Task details:
Below are the data; count the lines with the string "terms" in them and give that number only.

The records:
(* Let $d\ge 1$ and $k\ge 0$ be integers and let $f\in L^1(\mathbb{R}^d;1+|x|^{k+1})$. Then there exists a family of functions $\{F_\alpha\}_{|\alpha|=k+1}$ with $F_\alpha\in L^1(\mathbb{R}^d)$ such that, in the sense of tempered distributions, $$ f=\sum_{|\alpha|\le k}\frac{(-1)^{|\alpha|}}{\alpha!}\Big(\int_{\mathbb{R}^d} x^\alpha f(x)\,dx\Big)D^\alpha\delta+\sum_{|\alpha|=k+1}D^\alpha F_\alpha, $$ and moreover for every multi-index $\alpha$ with $|\alpha|=k+1$, $$\|F_\alpha\|_{L^1}\le \frac{\|x^\alpha f(x)\|_{L^1}}{\alpha!}.$$ (One may take $F_\alpha(x)=(-1)^{|\alpha|}\int_0^1 (k+1)\frac{(1-s)^k}{s^{d+|\alpha|}}\frac{x^\alpha}{\alpha!}f(x/s)\,ds$.)
   Context: $L^1(\mathbb{R}^d;1+|x|^{m})$ denotes the set of measurable functions $f$ with $\int_{\mathbb{R}^d}|f(x)|(1+|x|^m)\,dx<\infty$. For a multi-index $\alpha=(\alpha_1,\dots,\alpha_d)\in\mathbb{Z}_{\ge0}^d$: $|\alpha|=\alpha_1+\cdots+\alpha_d$, $\alpha!=\alpha_1!\cdots\alpha_d!$, $x^\alpha=x_1^{\alpha_1}\cdots x_d^{\alpha_d}$, $D^\alpha=\partial_{x_1}^{\alpha_1}\cdots\partial_{x_d}^{\alpha_d}$. $\delta$ is the Dirac mass at the origin. *)

theory Defs
  imports "HOL-Analysis.Analysis"
begin

text \<open>Euclidean space R^d is modelled as real^'n with 'n a finite (linearly ordered) index type,
  d = CARD('n). Multi-indices are functions 'n => nat.\<close>

definition mi_abs :: "('n::finite \<Rightarrow> nat) \<Rightarrow> nat" where
  "mi_abs \<alpha> = (\<Sum>i\<in>UNIV. \<alpha> i)"

definition mi_fact :: "('n::finite \<Rightarrow> nat) \<Rightarrow> real" where
  "mi_fact \<alpha> = (\<Prod>i\<in>UNIV. fact (\<alpha> i))"

definition mi_pow :: "real^'n::finite \<Rightarrow> ('n \<Rightarrow> nat) \<Rightarrow> real" where
  "mi_pow x \<alpha> = (\<Prod>i\<in>UNIV. (x $ i) ^ (\<alpha> i))"

definition partial_dir :: "'n::finite \<Rightarrow> (real^'n \<Rightarrow> real) \<Rightarrow> (real^'n \<Rightarrow> real)" where
  "partial_dir i g = (\<lambda>x. deriv (\<lambda>t. g (x + t *\<^sub>R axis i 1)) 0)"

definition Dmi :: "(('n::{finite,linorder}) \<Rightarrow> nat) \<Rightarrow> (real^('n::{finite,linorder}) \<Rightarrow> real) \<Rightarrow> (real^('n::{finite,linorder}) \<Rightarrow> real)" where
  "Dmi \<alpha> g = foldr (\<lambda>i h. (partial_dir i ^^ \<alpha> i) h) (sorted_list_of_set UNIV) g"

definition schwartz :: "(real^('n::{finite,linorder}) \<Rightarrow> real) \<Rightarrow> bool" where
  "schwartz \<phi> \<longleftrightarrow>
     (\<forall>\<alpha> i x. (\<lambda>t. Dmi \<alpha> \<phi> (x + t *\<^sub>R axis i 1)) differentiable (at 0)) \<and>
     (\<forall>\<alpha>. continuous_on UNIV (Dmi \<alpha> \<phi>)) \<and>
     (\<forall>\<alpha> (N::nat). bounded (range (\<lambda>x. (1 + norm x) ^ N * Dmi \<alpha> \<phi> x)))"

type_synonym 'n distr = "(real^'n \<Rightarrow> real) \<Rightarrow> real"

definition regular_distr :: "(real^'n::finite \<Rightarrow> real) \<Rightarrow> 'n distr" where
  "regular_distr f = (\<lambda>\<phi>. integral\<^sup>L lborel (\<lambda>x. f x * \<phi> x))"

definition dirac :: "'n::finite distr" where
  "dirac = (\<lambda>\<phi>. \<phi> 0)"

definition distr_D :: "(('n::{finite,linorder}) \<Rightarrow> nat) \<Rightarrow> ('n::{finite,linorder}) distr \<Rightarrow> ('n::{finite,linorder}) distr" where
  "distr_D \<alpha> T = (\<lambda>\<phi>. (-1) ^ mi_abs \<alpha> * T (Dmi \<alpha> \<phi>))"

end

theory Submission
  imports Defs
begin

(* For a Schwartz function phi and a point x, Taylor's formula along the
   segment s |-> s x with integral remainder reads
     phi x = sum_{|a|<=k} D^a phi(0) x^a / a!
           + sum_{|a|=k+1} (k+1)/a! x^a int_0^1 (1-s)^k D^a phi(s x) ds.
   Multiplying by f and integrating, the first sum gives the moment terms, which are the
   Dirac-derivative terms of the theorem.  In each remainder term we substitute y = s x
   for fixed s (a dilation of Lebesgue measure) and exchange the s- and y-integrals
   (Fubini); it becomes (k+1)/a! int H_a(y) D^a phi(y) dy with the profile
   H_a(y) = int_0^1 (1-s)^k s^(-n-k-1) y^a f(y/s) ds, i.e. the pairing of D^a F_a with phi
   for F_a = (-1)^|a| (k+1)/a! H_a.  The same Fubini computation with absolute values,
   together with int_0^1 (1-s)^k ds = 1/(k+1), gives the L^1 bound. *)

section \<open>Multi-indices\<close>

definition bump :: "('n \<Rightarrow> nat) \<Rightarrow> 'n \<Rightarrow> ('n \<Rightarrow> nat)" where
  "bump \<alpha> j = \<alpha>(j := Suc (\<alpha> j))"

lemma mi_abs_bump: "mi_abs (bump \<alpha> j) = Suc (mi_abs (\<alpha>::'n::finite\<Rightarrow>nat))"
proof -
  have "(\<Sum>i\<in>UNIV. bump \<alpha> j i) = (\<Sum>i\<in>UNIV. \<alpha> i + (if i = j then 1 else 0))"
    by (rule sum.cong) (auto simp: bump_def)
  also have "\<dots> = (\<Sum>i\<in>UNIV. \<alpha> i) + 1" by (simp add: sum.distrib)
  finally show ?thesis by (simp add: mi_abs_def)
qed

lemma mi_fact_bump: "mi_fact (bump \<alpha> j) = mi_fact (\<alpha>::'n::finite\<Rightarrow>nat) * Suc (\<alpha> j)"
proof -
  have "(\<Prod>i\<in>UNIV. (fact (bump \<alpha> j i)::real))
      = (\<Prod>i\<in>UNIV. fact (\<alpha> i) * (if i = j then real (Suc (\<alpha> j)) else 1))"
    by (rule prod.cong) (auto simp: bump_def)
  also have "\<dots> = (\<Prod>i\<in>UNIV. fact (\<alpha> i)) * real (Suc (\<alpha> j))"
    by (simp add: prod.distrib)
  finally show ?thesis by (simp add: mi_fact_def)
qed

lemma mi_pow_bump: "mi_pow x (bump \<alpha> j) = mi_pow x \<alpha> * x $ j"
proof -
  have "(\<Prod>i\<in>UNIV. (x $ i) ^ (bump \<alpha> j i)) = (\<Prod>i\<in>UNIV. (x $ i) ^ (\<alpha> i) * (if i = j then x $ j else 1))"
    by (rule prod.cong) (auto simp: bump_def)
  also have "\<dots> = (\<Prod>i\<in>UNIV. (x $ i) ^ (\<alpha> i)) * x $ j"
    by (simp add: prod.distrib)
  finally show ?thesis by (simp add: mi_pow_def)
qed

lemma mi_fact_pos: "mi_fact \<alpha> > 0"
  by (simp add: mi_fact_def prod_pos)

lemma mi_pow_scaleR: "mi_pow (c *\<^sub>R x) \<alpha> = c ^ mi_abs \<alpha> * mi_pow x \<alpha>"
  by (simp add: mi_pow_def mi_abs_def power_mult_distrib prod.distrib power_sum)

lemma mi_abs_eq_0_set: "{\<alpha>::'n::finite\<Rightarrow>nat. mi_abs \<alpha> = 0} = {\<lambda>_. 0}"
  by (auto simp: mi_abs_def fun_eq_iff)

lemma finite_mi_abs_le: "finite {\<alpha>::'n::finite\<Rightarrow>nat. mi_abs \<alpha> \<le> m}"
proof (rule finite_subset)
  show "{\<alpha>::'n\<Rightarrow>nat. mi_abs \<alpha> \<le> m} \<subseteq> PiE UNIV (\<lambda>_. {..m})"
  proof
    fix \<alpha> :: "'n \<Rightarrow> nat" assume "\<alpha> \<in> {\<alpha>. mi_abs \<alpha> \<le> m}"
    then have "\<alpha> i \<le> m" for i
      using member_le_sum[of i UNIV \<alpha>] by (auto simp: mi_abs_def)
    then show "\<alpha> \<in> PiE UNIV (\<lambda>_. {..m})" by (auto simp: PiE_def extensional_def)
  qed
qed (rule finite_PiE, auto)

lemma finite_mi_abs_eq: "finite {\<alpha>::'n::finite\<Rightarrow>nat. mi_abs \<alpha> = m}"
  by (rule finite_subset[OF _ finite_mi_abs_le[of m]]) auto

lemma sum_mi_abs_le_by_degree:
  fixes g :: "('n::finite \<Rightarrow> nat) \<Rightarrow> real"
  shows "(\<Sum>\<beta>\<in>{\<beta>. mi_abs \<beta> \<le> k}. g \<beta>) = (\<Sum>m\<le>k. \<Sum>\<beta>\<in>{\<beta>. mi_abs \<beta> = m}. g \<beta>)"
proof -
  have "(\<Sum>m\<le>k. \<Sum>\<beta>\<in>{\<beta>\<in>{\<beta>. mi_abs \<beta> \<le> k}. mi_abs \<beta> = m}. g \<beta>) = (\<Sum>\<beta>\<in>{\<beta>. mi_abs \<beta> \<le> k}. g \<beta>)"
    by (rule sum.group) (auto simp: finite_mi_abs_le)
  moreover have "(\<Sum>m\<le>k. \<Sum>\<beta>\<in>{\<beta>\<in>{\<beta>. mi_abs \<beta> \<le> k}. mi_abs \<beta> = m}. g \<beta>)
      = (\<Sum>m\<le>k. \<Sum>\<beta>\<in>{\<beta>. mi_abs \<beta> = m}. g \<beta>)"
    by (intro sum.cong refl) auto
  ultimately show ?thesis by simp
qed

lemma bump_bij:
  "bij_betw (\<lambda>\<alpha>. bump \<alpha> j) {\<alpha>::'n::finite\<Rightarrow>nat. mi_abs \<alpha> = m} {\<beta>. mi_abs \<beta> = Suc m \<and> \<beta> j \<noteq> 0}"
proof (rule bij_betw_imageI)
  show "inj_on (\<lambda>\<alpha>. bump \<alpha> j) {\<alpha>. mi_abs \<alpha> = m}"
    by (rule inj_onI) (auto simp: bump_def fun_eq_iff split: if_splits)
  show "(\<lambda>\<alpha>. bump \<alpha> j) ` {\<alpha>. mi_abs \<alpha> = m} = {\<beta>. mi_abs \<beta> = Suc m \<and> \<beta> j \<noteq> 0}"
  proof (rule subset_antisym)
    show "{\<beta>. mi_abs \<beta> = Suc m \<and> \<beta> j \<noteq> 0} \<subseteq> (\<lambda>\<alpha>. bump \<alpha> j) ` {\<alpha>. mi_abs \<alpha> = m}"
    proof
      fix \<beta> :: "'n \<Rightarrow> nat" assume \<beta>: "\<beta> \<in> {\<beta>. mi_abs \<beta> = Suc m \<and> \<beta> j \<noteq> 0}"
      then have "bump (\<beta>(j := \<beta> j - 1)) j = \<beta>" by (auto simp: bump_def fun_eq_iff)
      moreover from this have "mi_abs (\<beta>(j := \<beta> j - 1)) = m"
        using \<beta> mi_abs_bump[of "\<beta>(j := \<beta> j - 1)" j] by simp
      ultimately show "\<beta> \<in> (\<lambda>\<alpha>. bump \<alpha> j) ` {\<alpha>. mi_abs \<alpha> = m}" by force
    qed
  qed (auto simp: mi_abs_bump[unfolded bump_def] bump_def)
qed

text \<open>This is
  the inductive step behind the multinomial expansion of \<open>(x\<cdot>\<nabla>)^m\<close>.\<close>
lemma multinomial_recurrence:
  fixes c :: "('n::finite \<Rightarrow> nat) \<Rightarrow> real"
  shows "(\<Sum>\<alpha>\<in>{\<alpha>. mi_abs \<alpha> = m}. (fact m / mi_fact \<alpha>) * mi_pow x \<alpha> * (\<Sum>j\<in>UNIV. x $ j * c (bump \<alpha> j)))
       = (\<Sum>\<beta>\<in>{\<beta>. mi_abs \<beta> = Suc m}. (fact (Suc m) / mi_fact \<beta>) * mi_pow x \<beta> * c \<beta>)"
proof -
  let ?A = "{\<alpha>::'n\<Rightarrow>nat. mi_abs \<alpha> = m}" and ?B = "{\<beta>::'n\<Rightarrow>nat. mi_abs \<beta> = Suc m}"
  let ?g = "\<lambda>j \<beta>. (fact m * \<beta> j / mi_fact \<beta>) * mi_pow x \<beta> * c \<beta>"
  have bumped_term: "(fact m / mi_fact \<alpha>) * mi_pow x (bump \<alpha> j) * c (bump \<alpha> j) = ?g j (bump \<alpha> j)"
    for \<alpha> j
  proof -
    have "bump \<alpha> j j = Suc (\<alpha> j)" by (simp add: bump_def)
    moreover have "mi_fact \<alpha> > 0" "mi_fact \<alpha> + mi_fact \<alpha> * real (\<alpha> j) > 0"
      using mi_fact_pos[of \<alpha>] by (auto simp: add_pos_nonneg)
    ultimately show ?thesis by (simp add: mi_fact_bump field_simps)
  qed
  have per_j: "(\<Sum>\<alpha>\<in>?A. ?g j (bump \<alpha> j)) = (\<Sum>\<beta>\<in>?B. ?g j \<beta>)" for j
  proof -
    have "(\<Sum>\<alpha>\<in>?A. ?g j (bump \<alpha> j)) = (\<Sum>\<beta>\<in>{\<beta>. mi_abs \<beta> = Suc m \<and> \<beta> j \<noteq> 0}. ?g j \<beta>)"
      by (rule sum.reindex_bij_betw[OF bump_bij])
    also have "\<dots> = (\<Sum>\<beta>\<in>?B. ?g j \<beta>)"
      by (rule sum.mono_neutral_left) (auto simp: finite_mi_abs_eq)
    finally show ?thesis .
  qed
  have "(\<Sum>\<alpha>\<in>?A. (fact m / mi_fact \<alpha>) * mi_pow x \<alpha> * (\<Sum>j\<in>UNIV. x $ j * c (bump \<alpha> j)))
      = (\<Sum>j\<in>UNIV. \<Sum>\<alpha>\<in>?A. (fact m / mi_fact \<alpha>) * mi_pow x (bump \<alpha> j) * c (bump \<alpha> j))"
    by (subst sum.swap) (simp add: sum_distrib_left mi_pow_bump mult_ac)
  also have "\<dots> = (\<Sum>j\<in>UNIV. \<Sum>\<beta>\<in>?B. ?g j \<beta>)"
    by (simp only: bumped_term per_j)
  also have "\<dots> = (\<Sum>\<beta>\<in>?B. (fact m * (\<Sum>j\<in>UNIV. real (\<beta> j)) / mi_fact \<beta>) * mi_pow x \<beta> * c \<beta>)"
    by (subst sum.swap) (simp add: sum_distrib_left sum_distrib_right sum_divide_distrib)
  also have "\<dots> = (\<Sum>\<beta>\<in>?B. (fact (Suc m) / mi_fact \<beta>) * mi_pow x \<beta> * c \<beta>)"
    by (intro sum.cong refl) (simp add: mi_abs_def mult_ac flip: of_nat_sum)
  finally show ?thesis .
qed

Answer for this exercise:
2